Regulation of Subcellular Protein Synthesis for Restoring Neural Connectivity

Abstract

Neuronal proteins synthesized locally in axons and dendrites contribute to growth, plasticity, survival, and retrograde signaling underlying these cellular processes. Advances in molecular tools to profile localized mRNAs, along with single-molecule detection approaches for RNAs and proteins, have significantly expanded our understanding of the diverse proteins produced in subcellular compartments. These investigations have also uncovered key molecular mechanisms that regulate mRNA transport, storage, stability, and translation within neurons. The long distances that axons extend render their processes vulnerable, especially when injury necessitates regeneration to restore connectivity. Localized mRNA translation in axons helps initiate and sustain axon regeneration in the peripheral nervous system and promotes axon growth in the central nervous system. Recent and ongoing studies suggest that axonal RNA transport, storage, and stability mechanisms represent promising targets for enhancing regenerative capacity. Here, we summarize critical post-transcriptional regulatory mechanisms, emphasizing translation in the axonal compartment and highlighting potential strategies for the development of new regeneration-promoting therapeutics.

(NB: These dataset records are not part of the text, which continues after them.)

lemma reach_if_insert_breaks_no_cycles_upto:
  assumes E: "no_cycles_upto L E" and insert: "\<not> no_cycles_upto L (insert {u, w} E)"
  shows "w \<in> reach E u L"
proof -
  \<comment> \<open>The short cycle must use the new edge, and the rest of it is a path from w to u.\<close>
  obtain vs where vs: "cycle_in (insert {u, w} E) vs" "length vs \<le> L"
    using insert unfolding no_cycles_upto_def by (meson not_less)
  let ?m = "length vs" and ?p = "\<lambda>j. (j + 1) mod length vs"
  have "\<not> cycle_in E vs" using E vs(2) unfolding no_cycles_upto_def by (meson not_less)
  then obtain i where i: "i < ?m" "{vs ! i, vs ! ?p i} \<notin> E"
    using vs(1) unfolding cycle_in_def by blast
  moreover have "{vs ! i, vs ! ?p i} \<in> insert {u, w} E"
    using vs(1) i(1) unfolding cycle_in_def by blast
  ultimately have edge_i: "{vs ! i, vs ! ?p i} = {u, w}" by simp
  have "{vs ! j, vs ! ?p j} \<in> E" if "j < ?m" "j \<noteq> i" for j
  proof -
    have "{vs ! j, vs ! ?p j} \<in> insert {u, w} E" using vs(1) that(1) unfolding cycle_in_def by blast
    moreover have "{vs ! j, vs ! ?p j} \<noteq> {vs ! i, vs ! ?p i}"
      using cycle_in_edge_inj[OF vs(1) that(1) i(1)] that(2) by blast
    ultimately show ?thesis using edge_i by simp
  qed
  then have "vs ! i \<in> reach E (vs ! ?p i) (?m - 1)" by (rule cycle_minus_edge_reach[OF i(1)])
  moreover have "?m - 1 \<le> L" using vs(2) by simp
  ultimately have reach: "vs ! i \<in> reach E (vs ! ?p i) L" by (meson reach_mono subsetD)
  consider "vs ! i = u" "vs ! ?p i = w" | "vs ! i = w" "vs ! ?p i = u"
    using edge_i unfolding doubleton_eq_iff by blast
  then show ?thesis
  proof cases
    case 1
    then show ?thesis using reach_sym[OF reach] by simp
  next
    case 2
    then show ?thesis using reach by simp
  qed
qed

Keywords: RNA stability RNA-binding protein; RNA transport; integrated stress response; protein synthesis.

Figure 1

Leveraging localized translation for developing neural repair therapeutics. Schematic of a neuron illustrating the key molecular determinants that regulate the specificity, timing, and levels of protein synthesis from localized mRNAs. These determinants include mRNA transport and stability, granule dynamics, ribosome recruitment, and translation initiation. Therapeutic strategies that target these mechanisms to enhance axon regeneration are summarized in the accompanying table, along with their corresponding molecular targets and approaches. For example, the DNA aptamer AS1411 disrupts the interaction between nucleolin and the kinesin motor protein KIF5A, impairing axonal mRNA transport and offering a targeted means of modulating transcript localization. A G3BP1-derived peptide promotes stress granule disassembly by lowering the threshold for liquid–liquid phase separation, thereby enhancing local translation. Additionally, targeting the RNA-binding protein KHSRP through protein depletion reduces its promotion of mRNA decay, stabilizing growth-associated transcripts and enhancing their translation in regenerating axons. Together, these strategies exemplify how manipulation of localized translational pathways can be harnessed to promote neuronal repair.